Problem to work on: Give back exactly the lines from the one that includes "using reducing unfolding" to the last line below, both included, and no further lines.

Records for processing:
(* C and C' together bound an annulus: there is a finite set F of darts, closed under
   phi (i.e. a finite union of triangles), connected through shared edges, whose
   boundary edges (edges with exactly one side in F) are exactly the edges of C and C',
   and whose Euler characteristic V - E + F is 0.  (With C, C' simple and disjoint this
   region is a compact orientable surface with two boundary circles; chi = 0 and
   connectedness make it an annulus.) *)
definition bound_annulus :: "('d \<Rightarrow> 'd) \<Rightarrow> ('d \<Rightarrow> 'd) \<Rightarrow> 'd list \<Rightarrow> 'd list \<Rightarrow> bool" where
  "bound_annulus alpha phi C C' \<longleftrightarrow> (\<exists>F. finite F \<and> (\<forall>d\<in>F. phi d \<in> F) \<and>
     (\<forall>x\<in>F. \<forall>y\<in>F. (x, y) \<in> {(a, b). a \<in> F \<and> b \<in> F \<and> (b = phi a \<or> b = alpha a)}\<^sup>*) \<and>
     (\<forall>x. ((x \<in> F) \<longleftrightarrow> (alpha x \<notin> F)) \<longleftrightarrow>
          x \<in> set C \<union> alpha ` set C \<union> set C' \<union> alpha ` set C') \<and>
     int (card (vtx (rot alpha phi) ` F)) - int (card ((\<lambda>d. {d, alpha d}) ` F))
       + int (card ((\<lambda>d. {d, phi d, phi (phi d)}) ` F)) = 0)"

end

theory Submission
  imports Defs
begin

text \<open>Let \<open>F\<close> be the annulus, a finite union of triangles bounded by the edges of \<open>C\<close> and \<open>C'\<close>.
  At a vertex where a walk makes no bad turn, \<open>F\<close> fills a wedge of \<open>m \<ge> 2\<close> triangles at that vertex
  (\<open>m = 2\<close> only with a blue first triangle). Give each boundary dart of \<open>F\<close> weight 4 and each
  blue interior dart weight 2, collected at the tail vertex. As \<open>\<alpha>\<close> swaps colours, half the
  interior darts are blue, and Euler characteristic 0 makes the total exactly 6 per vertex. An
  interior vertex, of degree at least 8, collects at least 8 and a boundary vertex at least 6, so
  there are no interior vertices and all boundary vertices collect exactly 6. Counting darts and
  triangles then shows that every wedge has exactly three triangles, so along each walk the region
  stays on one side, the walk turns by 3 every time and the colour of the triangle left of its darts
  never changes. Reducedness forces all boundary darts of \<open>F\<close> to be blue, so the middle triangle
  of a wedge is red, and yet every triangle of \<open>F\<close> has a boundary edge.\<close>

section \<open>Orbits of an injective map\<close>

lemma vtx_self: "d \<in> vtx f d"
  unfolding vtx_def by (auto intro: exI[of _ 0])

lemma funpow_in_vtx: "(f ^^ j) d \<in> vtx f d"
  unfolding vtx_def by auto

lemma vtx_subset:
  assumes "x \<in> vtx f d"
  shows "vtx f x \<subseteq> vtx f d"
proof
  fix y assume "y \<in> vtx f x"
  then obtain j where "y = (f ^^ j) x" unfolding vtx_def by auto
  moreover obtain k where "x = (f ^^ k) d" using assms unfolding vtx_def by auto
  ultimately have "y = (f ^^ (j + k)) d" by (simp add: funpow_add)
  then show "y \<in> vtx f d" unfolding vtx_def by auto
qed

lemma funpow_diff_fixpoint:
  assumes "inj f" and "a \<le> b" and "(f ^^ a) d = (f ^^ b) d"
  shows "(f ^^ (b - a)) d = d"
proof -
  have "(f ^^ a) ((f ^^ (b - a)) d) = (f ^^ (a + (b - a))) d" by (simp add: funpow_add)
  also have "\<dots> = (f ^^ a) d" using assms(2,3) by simp
  finally show ?thesis using inj_fn[OF assms(1), of a] by (auto dest: injD)
qed

lemma funpow_period_exists:
  assumes inj: "inj f" and fin: "finite (vtx f d)"
  shows "\<exists>p. 0 < p \<and> (f ^^ p) d = d"
proof -
  let ?N = "card (vtx f d)"
  have "\<not> inj_on (\<lambda>k. (f ^^ k) d) {..?N}"
  proof
    assume "inj_on (\<lambda>k. (f ^^ k) d) {..?N}"
    from card_inj_on_le[OF this _ fin] have "card {..?N} \<le> ?N"
      unfolding vtx_def by auto
    then show False by simp
  qed
  then obtain i j where "i < j" "(f ^^ i) d = (f ^^ j) d"
    using linorder_inj_onI'[of "{..?N}" "\<lambda>k. (f ^^ k) d"] by blast
  then show ?thesis using funpow_diff_fixpoint[OF inj] by (intro exI[of _ "j - i"]) auto
qed

lemma vtx_cycle:
  assumes inj: "inj f" and fin: "finite (vtx f d)"
  defines "N \<equiv> card (vtx f d)"
  shows "0 < N" and "(f ^^ N) d = d" and "inj_on (\<lambda>j. (f ^^ j) d) {..<N}"
    and "vtx f d = (\<lambda>j. (f ^^ j) d) ` {..<N}"
proof -
  define p where "p = (LEAST p. 0 < p \<and> (f ^^ p) d = d)"
  have p: "0 < p" "(f ^^ p) d = d"
    using LeastI_ex[OF funpow_period_exists[OF inj fin]] unfolding p_def by auto
  have inj_p: "inj_on (\<lambda>j. (f ^^ j) d) {..<p}"
  proof (rule linorder_inj_onI')
    fix a b assume "a \<in> {..<p}" "b \<in> {..<p}" "a < b"
    show "(f ^^ a) d \<noteq> (f ^^ b) d"
    proof
      assume "(f ^^ a) d = (f ^^ b) d"
      then have "(f ^^ (b - a)) d = d" using funpow_diff_fixpoint[OF inj] \<open>a < b\<close> by simp
      moreover have "0 < b - a" "b - a < p" using \<open>a < b\<close> \<open>b \<in> {..<p}\<close> by auto
      ultimately show False using not_less_Least[of "b - a"] unfolding p_def by blast
    qed
  qed
  have image_p: "vtx f d = (\<lambda>j. (f ^^ j) d) ` {..<p}"
  proof
    show "vtx f d \<subseteq> (\<lambda>j. (f ^^ j) d) ` {..<p}"
    proof
      fix x assume "x \<in> vtx f d"
      then obtain k where "x = (f ^^ k) d" unfolding vtx_def by auto
      then have "x = (f ^^ (k mod p)) d" using funpow_mod_eq[OF p(2)] by simp
      then show "x \<in> (\<lambda>j. (f ^^ j) d) ` {..<p}" using p(1) by auto
    qed
  qed (auto simp: vtx_def)
  have "N = p" unfolding N_def image_p using card_image[OF inj_p] by simp
  with p inj_p image_p show "0 < N" "(f ^^ N) d = d" "inj_on (\<lambda>j. (f ^^ j) d) {..<N}"
    "vtx f d = (\<lambda>j. (f ^^ j) d) ` {..<N}" by simp_all
qed

lemma vtx_eq_iff:
  assumes "inj f" and "finite (vtx f d)"
  shows "vtx f x = vtx f d \<longleftrightarrow> x \<in> vtx f d"
proof
  assume "x \<in> vtx f d"
  then obtain k where k: "x = (f ^^ k) d" unfolding vtx_def by auto
  define N where "N = card (vtx f d)"
  have N: "0 < N" "(f ^^ N) d = d" using vtx_cycle[OF assms] unfolding N_def by simp_all
  have "(f ^^ (N - k mod N)) x = (f ^^ (N - k mod N + k mod N)) d"
    by (simp add: k funpow_add funpow_mod_eq[OF N(2)])
  also have "\<dots> = d" using N by simp
  finally have "d \<in> vtx f x" by (metis funpow_in_vtx)
  then show "vtx f x = vtx f d"
    using vtx_subset[OF \<open>x \<in> vtx f d\<close>] vtx_subset[of d f x] by (rule_tac subset_antisym) simp_all
next
  show "vtx f x = vtx f d \<Longrightarrow> x \<in> vtx f d" using vtx_self[of x f] by simp
qed


section \<open>Reducing triangulations\<close>

locale reducing_map =
  fixes \<alpha> \<phi> :: "'a \<Rightarrow> 'a" and col :: "'a \<Rightarrow> color"
  assumes reducing: "reducing_triangulation \<alpha> \<phi> col"
begin

abbreviation \<sigma> where "\<sigma> \<equiv> rot \<alpha> \<phi>"

lemma alpha_alpha [simp]: "\<alpha> (\<alpha> d) = d"
  and alpha_neq: "\<alpha> d \<noteq> d"
  and phi_phi_phi [simp]: "\<phi> (\<phi> (\<phi> d)) = d"
  and phi_neq: "\<phi> d \<noteq> d"
  and finite_vtx: "finite (vtx \<sigma> d)"
  and deg_ge_8: "8 \<le> deg \<sigma> d"
  and col_phi [simp]: "col (\<phi> d) = col d"
  and col_alpha: "col (\<alpha> d) \<noteq> col d"
  using reducing unfolding reducing_triangulation_def by auto

lemma sigma_apply: "\<sigma> x = \<phi> (\<alpha> x)"
  by (simp add: rot_def)

lemma inj_sigma: "inj \<sigma>"
  by (rule inj_on_inverseI[where g = "\<lambda>x. \<alpha> (\<phi> (\<phi> x))"]) (simp add: sigma_apply)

Solution for this task:
  using reducing unfolding reducing_triangulation_def by auto

lemma sigma_apply: "\<sigma> x = \<phi> (\<alpha> x)"
  by (simp add: rot_def)

lemma inj_sigma: "inj \<sigma>"
  by (rule inj_on_inverseI[where g = "\<lambda>x. \<alpha> (\<phi> (\<phi> x))"]) (simp add: sigma_apply)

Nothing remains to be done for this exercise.